Problem to solve
Your answer should be the full set of records, printed exactly as they stand.
☆ ☆ ☆
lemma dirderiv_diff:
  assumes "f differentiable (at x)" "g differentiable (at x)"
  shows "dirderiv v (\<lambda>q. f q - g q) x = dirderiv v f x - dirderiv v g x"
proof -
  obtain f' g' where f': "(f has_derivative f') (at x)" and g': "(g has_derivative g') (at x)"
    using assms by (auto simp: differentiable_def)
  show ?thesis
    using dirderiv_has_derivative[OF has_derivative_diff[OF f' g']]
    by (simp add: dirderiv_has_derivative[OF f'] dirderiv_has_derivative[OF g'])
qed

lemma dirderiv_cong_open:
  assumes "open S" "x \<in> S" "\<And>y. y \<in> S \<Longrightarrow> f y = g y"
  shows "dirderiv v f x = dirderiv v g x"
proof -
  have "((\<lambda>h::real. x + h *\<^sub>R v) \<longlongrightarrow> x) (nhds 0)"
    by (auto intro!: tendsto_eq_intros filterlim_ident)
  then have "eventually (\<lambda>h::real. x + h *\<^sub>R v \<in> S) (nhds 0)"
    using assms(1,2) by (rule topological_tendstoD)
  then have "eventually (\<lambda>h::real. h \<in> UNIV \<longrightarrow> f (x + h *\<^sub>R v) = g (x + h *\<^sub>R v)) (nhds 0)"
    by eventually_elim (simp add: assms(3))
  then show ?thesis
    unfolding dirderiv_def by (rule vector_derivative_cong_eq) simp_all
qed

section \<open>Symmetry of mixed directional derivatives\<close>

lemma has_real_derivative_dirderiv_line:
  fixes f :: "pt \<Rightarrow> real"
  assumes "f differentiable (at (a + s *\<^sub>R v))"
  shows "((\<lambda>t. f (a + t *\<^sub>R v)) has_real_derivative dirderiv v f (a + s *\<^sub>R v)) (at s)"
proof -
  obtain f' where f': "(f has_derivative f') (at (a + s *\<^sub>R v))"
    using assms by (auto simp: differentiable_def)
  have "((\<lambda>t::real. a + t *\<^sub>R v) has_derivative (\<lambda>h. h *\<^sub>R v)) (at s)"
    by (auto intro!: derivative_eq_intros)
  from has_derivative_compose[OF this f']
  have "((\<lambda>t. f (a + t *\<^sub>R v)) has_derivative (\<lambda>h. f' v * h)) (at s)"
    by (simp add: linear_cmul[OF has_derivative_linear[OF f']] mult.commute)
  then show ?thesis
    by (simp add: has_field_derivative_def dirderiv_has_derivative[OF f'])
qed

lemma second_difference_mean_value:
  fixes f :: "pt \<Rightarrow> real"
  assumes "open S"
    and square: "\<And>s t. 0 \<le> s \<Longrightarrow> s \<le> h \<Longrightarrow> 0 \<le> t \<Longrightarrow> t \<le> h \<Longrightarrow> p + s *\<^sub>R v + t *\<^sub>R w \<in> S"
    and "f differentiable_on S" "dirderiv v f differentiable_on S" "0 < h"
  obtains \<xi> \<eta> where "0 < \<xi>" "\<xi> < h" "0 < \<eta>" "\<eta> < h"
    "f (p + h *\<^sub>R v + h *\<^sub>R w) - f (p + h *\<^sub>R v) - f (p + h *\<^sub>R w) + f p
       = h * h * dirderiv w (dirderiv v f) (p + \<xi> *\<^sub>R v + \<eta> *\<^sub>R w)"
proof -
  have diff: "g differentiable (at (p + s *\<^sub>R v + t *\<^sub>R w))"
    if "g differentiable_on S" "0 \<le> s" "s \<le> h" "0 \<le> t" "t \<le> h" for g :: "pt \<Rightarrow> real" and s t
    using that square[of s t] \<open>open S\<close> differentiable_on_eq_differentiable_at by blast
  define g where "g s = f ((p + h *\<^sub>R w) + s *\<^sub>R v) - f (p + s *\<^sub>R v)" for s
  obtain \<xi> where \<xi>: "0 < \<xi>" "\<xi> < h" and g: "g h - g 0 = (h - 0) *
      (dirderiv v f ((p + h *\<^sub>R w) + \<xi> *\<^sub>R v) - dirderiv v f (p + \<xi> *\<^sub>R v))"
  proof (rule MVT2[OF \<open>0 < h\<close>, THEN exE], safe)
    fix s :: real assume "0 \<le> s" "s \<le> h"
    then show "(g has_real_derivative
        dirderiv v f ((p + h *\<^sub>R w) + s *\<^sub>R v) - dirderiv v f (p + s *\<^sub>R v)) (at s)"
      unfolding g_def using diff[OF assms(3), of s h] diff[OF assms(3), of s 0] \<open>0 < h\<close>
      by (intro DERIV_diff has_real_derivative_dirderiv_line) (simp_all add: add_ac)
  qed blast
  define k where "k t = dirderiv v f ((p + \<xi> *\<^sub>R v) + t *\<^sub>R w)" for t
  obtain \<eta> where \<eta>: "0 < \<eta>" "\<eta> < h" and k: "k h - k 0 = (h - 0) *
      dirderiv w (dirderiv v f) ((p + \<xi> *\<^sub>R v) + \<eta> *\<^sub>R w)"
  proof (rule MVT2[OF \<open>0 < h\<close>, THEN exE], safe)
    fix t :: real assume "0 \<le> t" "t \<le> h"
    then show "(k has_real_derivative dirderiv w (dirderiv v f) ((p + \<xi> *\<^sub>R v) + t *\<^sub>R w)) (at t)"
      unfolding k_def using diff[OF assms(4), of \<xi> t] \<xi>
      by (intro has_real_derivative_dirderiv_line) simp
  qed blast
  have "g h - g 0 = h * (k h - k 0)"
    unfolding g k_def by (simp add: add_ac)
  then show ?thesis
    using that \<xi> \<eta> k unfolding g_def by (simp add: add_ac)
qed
☆ ☆ ☆
Answer section
lemma dirderiv_diff:
  assumes "f differentiable (at x)" "g differentiable (at x)"
  shows "dirderiv v (\<lambda>q. f q - g q) x = dirderiv v f x - dirderiv v g x"
proof -
  obtain f' g' where f': "(f has_derivative f') (at x)" and g': "(g has_derivative g') (at x)"
    using assms by (auto simp: differentiable_def)
  show ?thesis
    using dirderiv_has_derivative[OF has_derivative_diff[OF f' g']]
    by (simp add: dirderiv_has_derivative[OF f'] dirderiv_has_derivative[OF g'])
qed

lemma dirderiv_cong_open:
  assumes "open S" "x \<in> S" "\<And>y. y \<in> S \<Longrightarrow> f y = g y"
  shows "dirderiv v f x = dirderiv v g x"
proof -
  have "((\<lambda>h::real. x + h *\<^sub>R v) \<longlongrightarrow> x) (nhds 0)"
    by (auto intro!: tendsto_eq_intros filterlim_ident)
  then have "eventually (\<lambda>h::real. x + h *\<^sub>R v \<in> S) (nhds 0)"
    using assms(1,2) by (rule topological_tendstoD)
  then have "eventually (\<lambda>h::real. h \<in> UNIV \<longrightarrow> f (x + h *\<^sub>R v) = g (x + h *\<^sub>R v)) (nhds 0)"
    by eventually_elim (simp add: assms(3))
  then show ?thesis
    unfolding dirderiv_def by (rule vector_derivative_cong_eq) simp_all
qed

section \<open>Symmetry of mixed directional derivatives\<close>

lemma has_real_derivative_dirderiv_line:
  fixes f :: "pt \<Rightarrow> real"
  assumes "f differentiable (at (a + s *\<^sub>R v))"
  shows "((\<lambda>t. f (a + t *\<^sub>R v)) has_real_derivative dirderiv v f (a + s *\<^sub>R v)) (at s)"
proof -
  obtain f' where f': "(f has_derivative f') (at (a + s *\<^sub>R v))"
    using assms by (auto simp: differentiable_def)
  have "((\<lambda>t::real. a + t *\<^sub>R v) has_derivative (\<lambda>h. h *\<^sub>R v)) (at s)"
    by (auto intro!: derivative_eq_intros)
  from has_derivative_compose[OF this f']
  have "((\<lambda>t. f (a + t *\<^sub>R v)) has_derivative (\<lambda>h. f' v * h)) (at s)"
    by (simp add: linear_cmul[OF has_derivative_linear[OF f']] mult.commute)
  then show ?thesis
    by (simp add: has_field_derivative_def dirderiv_has_derivative[OF f'])
qed

lemma second_difference_mean_value:
  fixes f :: "pt \<Rightarrow> real"
  assumes "open S"
    and square: "\<And>s t. 0 \<le> s \<Longrightarrow> s \<le> h \<Longrightarrow> 0 \<le> t \<Longrightarrow> t \<le> h \<Longrightarrow> p + s *\<^sub>R v + t *\<^sub>R w \<in> S"
    and "f differentiable_on S" "dirderiv v f differentiable_on S" "0 < h"
  obtains \<xi> \<eta> where "0 < \<xi>" "\<xi> < h" "0 < \<eta>" "\<eta> < h"
    "f (p + h *\<^sub>R v + h *\<^sub>R w) - f (p + h *\<^sub>R v) - f (p + h *\<^sub>R w) + f p
       = h * h * dirderiv w (dirderiv v f) (p + \<xi> *\<^sub>R v + \<eta> *\<^sub>R w)"
proof -
  have diff: "g differentiable (at (p + s *\<^sub>R v + t *\<^sub>R w))"
    if "g differentiable_on S" "0 \<le> s" "s \<le> h" "0 \<le> t" "t \<le> h" for g :: "pt \<Rightarrow> real" and s t
    using that square[of s t] \<open>open S\<close> differentiable_on_eq_differentiable_at by blast
  define g where "g s = f ((p + h *\<^sub>R w) + s *\<^sub>R v) - f (p + s *\<^sub>R v)" for s
  obtain \<xi> where \<xi>: "0 < \<xi>" "\<xi> < h" and g: "g h - g 0 = (h - 0) *
      (dirderiv v f ((p + h *\<^sub>R w) + \<xi> *\<^sub>R v) - dirderiv v f (p + \<xi> *\<^sub>R v))"
  proof (rule MVT2[OF \<open>0 < h\<close>, THEN exE], safe)
    fix s :: real assume "0 \<le> s" "s \<le> h"
    then show "(g has_real_derivative
        dirderiv v f ((p + h *\<^sub>R w) + s *\<^sub>R v) - dirderiv v f (p + s *\<^sub>R v)) (at s)"
      unfolding g_def using diff[OF assms(3), of s h] diff[OF assms(3), of s 0] \<open>0 < h\<close>
      by (intro DERIV_diff has_real_derivative_dirderiv_line) (simp_all add: add_ac)
  qed blast
  define k where "k t = dirderiv v f ((p + \<xi> *\<^sub>R v) + t *\<^sub>R w)" for t
  obtain \<eta> where \<eta>: "0 < \<eta>" "\<eta> < h" and k: "k h - k 0 = (h - 0) *
      dirderiv w (dirderiv v f) ((p + \<xi> *\<^sub>R v) + \<eta> *\<^sub>R w)"
  proof (rule MVT2[OF \<open>0 < h\<close>, THEN exE], safe)
    fix t :: real assume "0 \<le> t" "t \<le> h"
    then show "(k has_real_derivative dirderiv w (dirderiv v f) ((p + \<xi> *\<^sub>R v) + t *\<^sub>R w)) (at t)"
      unfolding k_def using diff[OF assms(4), of \<xi> t] \<xi>
      by (intro has_real_derivative_dirderiv_line) simp
  qed blast
  have "g h - g 0 = h * (k h - k 0)"
    unfolding g k_def by (simp add: add_ac)
  then show ?thesis
    using that \<xi> \<eta> k unfolding g_def by (simp add: add_ac)
qed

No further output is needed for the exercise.